Is Pain an Illusion?
Illusion: ‘a deceptive appearance, a false idea or impression’.
Lorimer Moseley, who is one of the biggest names in the Pain Science world at the moment, raised an important argument when he recently spoke at TEDx. He explained nicely ‘why things hurt’ and proposed that pain is, in fact, an illusion. A video of Lorimer’s full talk is below and is well work a watch.
Structural-pathology models of pain, which suppose pain is an accurate reflection of the state of the tissues, are commonly accepted amongst the general public (as well as many non pain-science literate clinicians). However, on closer inspection, the biology of pain is less straightforward, even when it appears to be.
Louis Gifford, in his 1998 mature organism model  described pain as a ‘perceptual component of the stress response’ with a primary purpose to ‘alter our behaviour in order to enhance the processes of recovery and chances of survival’. Careful choice of the word ‘perception’ here implies a process of awareness and/or interpretation via the senses. Pain experts such as Louis Gifford have recognised that pain may not be representative of the state of play of tissues, and described it in such terms, for well over a decade.
More recently, Lorimer Mosley built on much of Louis Gifford’s earlier musings with his’ paper: ‘reconceptualising pain according to modern pain science’ .
In this paper he discusses 4 main issues relating to pain:
1) Pain does not provide a measure of the state of the tissues
2) Pain is modulated by many factors from across somatic, psychological and social domains
3) The relationship between pain and the state of the tissues becomes less predictable as pain persists
4) Pain can be conceptualised as a conscious correlate of the implicit perception that tissue is in danger.

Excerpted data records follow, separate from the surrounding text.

(* Let $U_1,U_2$ be regular trees of valence $4$. Suppose there is a torsion-free irreducible lattice $L_0$ acting cocompactly on $U_1\times U_2$ such that $L_0$ is residually finite. Then there is a torsion-free irreducible lattice $L$ (a finite index subgroup of $L_0$) acting properly and cocompactly on $U_1\times U_2$ without exchanging the two factors, and a vertex $z_0\in U_2$, such that, with $U_{1,z_0}$ the quotient of $U_1\times\{z_0\}$ by the stabilizer in $L$ of $U_1\times\{z_0\}$: each edge of $U_{1,z_0}$ is embedded, and the edges of $U_{1,z_0}$ can be labeled by elements of $\{w_1,w_2,w_3,w_4\}$ so that distinct edges incident to a common vertex have different labels.
   Context: Irreducible: no finite index subgroup is a direct product of two infinite groups. A lattice here acts properly discontinuously by tree-product automorphisms. *)

theory Defs
  imports "HOL-Algebra.Algebra"
begin

definition walk :: "('v \<Rightarrow> 'v \<Rightarrow> bool) \<Rightarrow> 'v list \<Rightarrow> bool" where
  "walk E xs \<longleftrightarrow> xs \<noteq> [] \<and> (\<forall>i. Suc i < length xs \<longrightarrow> E (xs ! i) (xs ! Suc i))"

definition reduced :: "'v list \<Rightarrow> bool" where
  "reduced xs \<longleftrightarrow> (\<forall>i. i + 2 < length xs \<longrightarrow> xs ! i \<noteq> xs ! (i + 2))"

definition is_tree :: "'v set \<Rightarrow> ('v \<Rightarrow> 'v \<Rightarrow> bool) \<Rightarrow> bool" where
  "is_tree V E \<longleftrightarrow> V \<noteq> {} \<and> (\<forall>x y. E x y \<longrightarrow> x \<in> V \<and> y \<in> V) \<and>
     (\<forall>x y. E x y \<longrightarrow> E y x) \<and> (\<forall>x. \<not> E x x) \<and>
     (\<forall>u\<in>V. \<forall>v\<in>V. \<exists>!xs. walk E xs \<and> reduced xs \<and> hd xs = u \<and> last xs = v)"
definition caterpillar :: "'v set \<Rightarrow> 'v set set \<Rightarrow> bool" where
  "caterpillar V E \<longleftrightarrow> is_tree V E \<and> (\<exists>vs. is_spine V E vs)"

definition proper_caterpillar :: "'v set \<Rightarrow> 'v set set \<Rightarrow> bool" where
  "proper_caterpillar V E \<longleftrightarrow> caterpillar V E \<and>
     (\<forall>v \<in> internal V E. \<exists>u. is_leaf E u \<and> {u, v} \<in> E)"

text \<open>\<open>L(T)\<close>: the non-spine edges, i.e. edges not joining two internal vertices.\<close>
definition leaf_edges :: "'v set \<Rightarrow> 'v set set \<Rightarrow> 'v set set" where
  "leaf_edges V E = {e \<in> E. \<not> e \<subseteq> internal V E}"

text \<open>\<open>\<Phi>(T) = {\<beta>_1\<cdots>\<beta>_k, \<beta>_k\<cdots>\<beta>_1}\<close>; the spine is unique up to reversal, so this is
  the set of sequences obtained from all spine orderings.\<close>
definition Phi :: "'v set \<Rightarrow> 'v set set \<Rightarrow> nat list set" where
  "Phi V E = {map (\<lambda>v. card (component V (leaf_edges V E) v)) vs | vs. is_spine V E vs}"

definition partition_of :: "'v set \<Rightarrow> 'v set set \<Rightarrow> nat multiset" where
  "partition_of V A = image_mset card (mset_set (components V A))"

definition xmon :: "(nat \<Rightarrow> 'a::comm_ring_1) \<Rightarrow> nat multiset \<Rightarrow> 'a" where
  "xmon x \<mu> = prod_mset (image_mset x \<mu>)"

definition U_L :: "'v set \<Rightarrow> 'v set set \<Rightarrow> (nat \<Rightarrow> 'a::comm_ring_1) \<Rightarrow> 'a" where
  "U_L V E x = (\<Sum>A \<in> {A. A \<subseteq> E \<and> leaf_edges V E \<subseteq> A}. xmon x (partition_of V A))"

definition composition :: "nat list \<Rightarrow> bool" where
  "composition \<beta> \<longleftrightarrow> \<beta> \<noteq> [] \<and> (\<forall>b \<in> set \<beta>. 0 < b)"

definition coarsening :: "nat list \<Rightarrow> nat list \<Rightarrow> bool" where
  "coarsening \<alpha> \<beta> \<longleftrightarrow> (\<exists>bs. concat bs = \<beta> \<and> (\<forall>b \<in> set bs. b \<noteq> []) \<and> \<alpha> = map sum_list bs)"

text \<open>The type \<open>\<lambda>(\<alpha>)\<close> of a composition, as a multiset, is \<open>mset \<alpha>\<close>.\<close>
definition L_poly :: "nat list \<Rightarrow> (nat \<Rightarrow> 'a::comm_ring_1) \<Rightarrow> 'a" where
  "L_poly \<beta> x = (\<Sum>\<alpha> \<in> {\<alpha>. coarsening \<alpha> \<beta>}. xmon x (mset \<alpha>))"

end

theory Submission
  imports Defs
begin

text \<open>
  An edge set \<open>A\<close> with \<open>L(T) \<subseteq> A \<subseteq> E(T)\<close> is \<open>L(T)\<close> together with an arbitrary
  choice of spine edges, i.e. a word of \<open>k - 1\<close> flags. The components of \<open>(V(T), L(T))\<close>
  are the stars of the spine vertices, of sizes \<open>\<beta>\<^sub>1, \<dots>, \<beta>\<^sub>k\<close>, and adding the
  flagged spine edges merges consecutive stars; so \<open>\<lambda>(A)\<close> is the type of the coarsening of
  \<open>\<beta>\<close> obtained by summing the parts joined by a flagged edge. Since the parts of \<open>\<beta>\<close>
  are positive, distinct flag words give distinct coarsenings, and every coarsening arises;
  hence both polynomials are the same sum over flag words.
\<close>

section \<open>Gluing adjacent list entries\<close>

text \<open>Flag \<open>i\<close> says whether the entry built so far is merged with the next one.\<close>

fun glue :: "('a \<Rightarrow> 'a \<Rightarrow> 'a) \<Rightarrow> 'a list \<Rightarrow> bool list \<Rightarrow> 'a list" where
  "glue f (a # b # r) (True # js) = glue f (f a b # r) js"
| "glue f (a # b # r) (False # js) = a # glue f (b # r) js"
| "glue f xs js = xs"

lemma map_glue:
  "(\<And>a b. h (f a b) = g (h a) (h b)) \<Longrightarrow> map h (glue f xs js) = glue g (map h xs) js"
  by (induction f xs js rule: glue.induct) auto

lemma concat_glue_append: "concat (glue (@) xss js) = concat xss"
  by (induction "(@) :: 'a list \<Rightarrow> _" xss js rule: glue.induct) auto

lemma glue_append_nonempty: "[] \<notin> set xss \<Longrightarrow> [] \<notin> set (glue (@) xss js)"
  by (induction "(@) :: 'a list \<Rightarrow> _" xss js rule: glue.induct) auto

lemma hd_glue_plus_ge: "glue (+) (a # r) js \<noteq> [] \<and> (a::nat) \<le> hd (glue (+) (a # r) js)"
  by (induction "(+) :: nat \<Rightarrow> _" "a # r" js arbitrary: a r rule: glue.induct) fastforce+

lemma glue_plus_eq_imp_flags_eq:
  assumes "\<forall>b\<in>set xs. (0::nat) < b"
    and "length js = length xs - 1" "length js' = length xs - 1"
    and "glue (+) xs js = glue (+) xs js'"
  shows "js = js'"
  using assms
proof (induction js arbitrary: xs js')
  case (Cons j js)
  obtain a b r where xs: "xs = a # b # r"
    using Cons.prems(2) by (cases xs; cases "tl xs") auto
  obtain j' js'' where js': "js' = j' # js''"
    using Cons.prems(3) Cons.prems(2) by (cases js') auto
  have "0 < b" using Cons.prems(1) xs by simp
  then have "glue (+) ((a + b) # r) ks \<noteq> a # glue (+) (b # r) ks'" for ks ks'
    using hd_glue_plus_ge[of "a + b" r ks] by auto
  then show ?case
    using Cons.prems Cons.IH[of "(a + b) # r" js''] Cons.IH[of "b # r" js''] xs js'
    by (cases j; cases j') (auto dest: sym)
qed simp

fun cut_flags :: "'a list list \<Rightarrow> bool list" where
  "cut_flags [] = []"
| "cut_flags [b] = replicate (length b - 1) True"
| "cut_flags (b # c # bs) = replicate (length b - 1) True @ False # cut_flags (c # bs)"

lemma glue_append_replicate_True:
  "glue (@) (p # map (\<lambda>y. [y]) c @ r) (replicate (length c) True @ js) = glue (@) ((p @ c) # r) js"
  by (induction c arbitrary: p) auto

lemma glue_singletons_cut_flags:
  "[] \<notin> set bs \<Longrightarrow> glue (@) (map (\<lambda>y. [y]) (concat bs)) (cut_flags bs) = bs"
proof (induction bs rule: cut_flags.induct)
  case (2 b)
  then obtain y b' where "b = y # b'" by (cases b) auto
  then show ?case using glue_append_replicate_True[of "[y]" b' "[]" "[]"] by simp
next
  case (3 b c bs)
  then obtain y b' where b: "b = y # b'" by (cases b) auto
  obtain z c' where "c = z # c'" using "3.prems" by (cases c) auto
  then show ?case
    using "3" b glue_append_replicate_True[of "[y]" b' "map (\<lambda>y. [y]) (concat (c # bs))"] by simp
qed simp

lemma length_cut_flags: "[] \<notin> set bs \<Longrightarrow> length (cut_flags bs) = length (concat bs) - 1"
proof (induction bs rule: cut_flags.induct)
  case (3 b c bs)
  then show ?case by (cases b) auto
qed auto

lemma sum_list_glue_singletons:
  "map sum_list (glue (@) (map (\<lambda>y. [y]) xs) js) = glue (+) (xs :: nat list) js"
  by (subst map_glue[where g = "(+)"]) (simp_all add: comp_def)

lemma coarsenings_eq_glue:
  assumes "xs \<noteq> []"
  shows "{\<alpha>. coarsening \<alpha> xs} = glue (+) xs ` {js. length js = length xs - 1}"
proof (intro equalityI subsetI)
  fix \<alpha> assume "\<alpha> \<in> {\<alpha>. coarsening \<alpha> xs}"
  then obtain bs where bs: "concat bs = xs" "[] \<notin> set bs" "\<alpha> = map sum_list bs"
    unfolding coarsening_def by auto
  then have "\<alpha> = glue (+) xs (cut_flags bs)"
    using glue_singletons_cut_flags sum_list_glue_singletons by metis
  moreover have "length (cut_flags bs) = length xs - 1" using length_cut_flags bs by blast
  ultimately show "\<alpha> \<in> glue (+) xs ` {js. length js = length xs - 1}" by blast
next
  fix \<alpha> assume "\<alpha> \<in> glue (+) xs ` {js. length js = length xs - 1}"
  then obtain js where "\<alpha> = glue (+) xs js" by auto
  then show "\<alpha> \<in> {\<alpha>. coarsening \<alpha> xs}"
    unfolding coarsening_def
    using sum_list_glue_singletons concat_glue_append[of "map (\<lambda>y. [y]) xs"]
      glue_append_nonempty[of "map (\<lambda>y. [y]) xs"]
    by fastforce
qed

lemma L_poly_eq_sum_flags:
  assumes "composition \<beta>"
  shows "L_poly \<beta> x = (\<Sum>js | length js = length \<beta> - 1. xmon x (mset (glue (+) \<beta> js)))"
proof -
  have "inj_on (glue (+) \<beta>) {js. length js = length \<beta> - 1}"
    using assms glue_plus_eq_imp_flags_eq by (auto simp: composition_def inj_on_def)
  then show ?thesis
    using assms by (simp add: L_poly_def coarsenings_eq_glue composition_def sum.reindex)
qed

The human brain is highly sophisticated, and it is this level of sophistication, which actually allows us to succumb to illusions. The brain fills in missing information and/or ‘bends the truth’ to provide a favourable or meaningful outcome based on the information it receives. The fact that the brain selects meaningful outcomes or interpretations for a given situation is demonstrated nicely by visual illusions such as the one below. When asked which of the 2 solid black lines is the longer, the majority of people will answer the one on the right, but they are in fact the same length.
If we consider the first few moments of an acute injury we see that the CNS/brain receives information about the situation or environment via the sensory organs and about the state of its tissues via sensory neural (eg nociceptor) and humoral (circulatory) pathways.

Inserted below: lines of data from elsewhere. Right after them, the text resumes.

(* Let $Y$ be an isotropic $\alpha$-stable process in $\mathbb{R}^d$, $\alpha\in(0,2]$, let $\Omega\subset\mathbb{R}^d$ be a bounded open set, and let $\{(\lambda^Y_n,\psi^Y_n)\}_{n\ge1}$ be the eigenpairs of the killed process $Y^\Omega$. Let $D$ be a subordinator with infinite Lévy measure and Laplace exponent $\phi$, independent of $Y$. Then \[ \ln Q^{Y\circ D}_\Omega(t)\sim -t\,\phi(\lambda^Y_1)\quad\text{as }t\to\infty. \]
   Context: $Y$ is a Lévy process with càdlàg paths and $\mathbb{E}[e^{i\langle\xi,Y_t\rangle}]=e^{-t|\xi|^\alpha}$; $\mathbb{P}_x$ is its law started at $x$. $\tau_\Omega^Y=\inf\{t>0:Y_t\notin\Omega\}$; the killed process $Y^\Omega$ has transition density $p^{Y,\Omega}(t,x,y)=\sum_{n\ge1}e^{-\lambda_n^Yt}\psi_n^Y(x)\psi_n^Y(y)$ with $0<\lambda^Y_1<\lambda^Y_2\le\cdots\to\infty$ the eigenvalues and $\{\psi_n^Y\}$ the $L^2(\Omega)$-orthonormal eigenfunctions. $Q_\Omega^Y(t)=\int_\Omega\mathbb{P}_x(\tau^Y_\Omega>t)dx$. A subordinator $D$ is a nondecreasing càdlàg Lévy process with $D_0=0$, $\mathbb{E}[e^{-\lambda D_t}]=e^{-t\phi(\lambda)}$, $\phi(\lambda)=\int_0^\infty(1-e^{-\lambda x})\nu(dx)$, with Lévy measure $\nu$ satisfying $\int_0^\infty(1\wedge x)\nu(dx)<\infty$ and $\nu(0,\infty)=\infty$. The spectral heat content of $Y\circ D$ is $Q^{Y\circ D}_\Omega(t)=\mathbb{E}[Q^Y_\Omega(D_t)]$. $f\sim g$ means $f(t)/g(t)\to1$. *)

theory Defs
  imports "HOL-Probability.Probability" "HOL-Library.Landau_Symbols"
begin

definition cadlag_path :: "(real \<Rightarrow> 'b::topological_space) \<Rightarrow> bool" where
  "cadlag_path f \<longleftrightarrow>
     (\<forall>t\<ge>0. continuous (at_right t) f) \<and> (\<forall>t>0. \<exists>l. (f \<longlongrightarrow> l) (at_left t))"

The brain scrutinises this information in order to provide an appropriate response. This process may or may not result in the perception of pain depending on the precise situation and context or meaning. For example, in some instances part of the brain response/ output may be to prevent nociceptive messages from impinging on consciousness . This may be the case for an injured person whose life is under severe threat (for example a soldier on the battlefield as opposed to a footballer on the pitch) and could mean that they actually feel no pain at all in response to an injury to their body tissues.
Research has shown that attention (to or away from pain) and anxiety, can both modulate the amount of pain we experience . The common denominator in terms of the affects of anxiety and attention and expectation, seems to be the evaluative context, or meaning of the pain. I see loads of marathon runners in my clinic who develop niggles in the last few days or weeks before their race as attention shifts to ‘how ready their legs are’.
Pain is a state of implicit threat
Persistent pain is known to represent altered information processing throughout the system, and is not solely a result of damaged and degenerating tissues. Often there will be no detectable tissue pathology but misleading pain symptoms suggestive of it. It is the ‘implicit perception of threat’ that determines the output of pain, not the state of the tissues, nor any actual threat to them.
Super-recent advances in pain research and treatment are now reflecting this understanding by looking at manipulating sensory information. Relatively simple manipulations of multisensory cortical representation provided by; crossing the arms  by self- touch  or by distorting the visual appearance of the painful body part   can all have analgesic effects.
Our modern understanding of pain has also provided considerable light on treatment mechanisms or ‘how the things we’ve been doing to help people in pain have actually helped them’. It would seem that ‘modulation of the implicit threat of danger to the body’s tissues’ is the key ingredient for reducing pain. This could be provided by any number of different treatments, given that the state of implicit threat in question may result from information spanning biological, psychological and sociological domains.
Factors influencing one individual’s pain experience may vary considerably from the next and the right context or meaning for the individual patient is key.
The patients understanding of the problem seems key also. For example if they have interpreted their symptoms, or had them explained by a clinician based on mechanical paradigms’ for example ‘misalignment of joints’ or nerve’s being ‘trapped’ then a treatment that the patent believes might address mechanical issues such as manual therapies may be primed to reduce the perception of threat and thus have favourable outcomes.
In support of this notion, treatment expectancy has repeatedly been shown to influence outcomes. For example, Kalauokalani and colleagues  found that improved function after massage and acupuncture was predicted by pretreatment expectancy regardless of which treatment patients actually received.
Given the ’implicit threat’ explanation of pain, treatment possibilities become vast. In theory anything that is capable of manipulating inputs that are contributing to the implicit threat perception could help to alleviate pain for example pain education, graded exposure to threatening movements and or manual therapy techniques. Some techniques may alter several inputs at once, for example manual techniques may alter sensory-motor inputs and also influence a patients beliefs about their condition. By manipulating inputs we can alter outputs.
Pain does not reflect the level of damage in the tissues
The knowledge that pain does not reflect the level of damage in the tissues, but rather is a conscious driver of behaviour aimed a protecting those tissues, has key implications for clinical practice. The skills and knowledge of clinicians need to adequately reflect modern pain biology and be broader than tissue anatomy and biomechanics.
Patients education is also key- patients should be helped to base their own reasoning, about their symptoms, on modern pain science. The finding that patient education can be an effective pain treatment ties in perfectly with concepts of decreasing the implicit perception of threat. Teaching patients about modern pain biology leads to altered beliefs and attitudes about pain  and increases pain thresholds during relevant tasks.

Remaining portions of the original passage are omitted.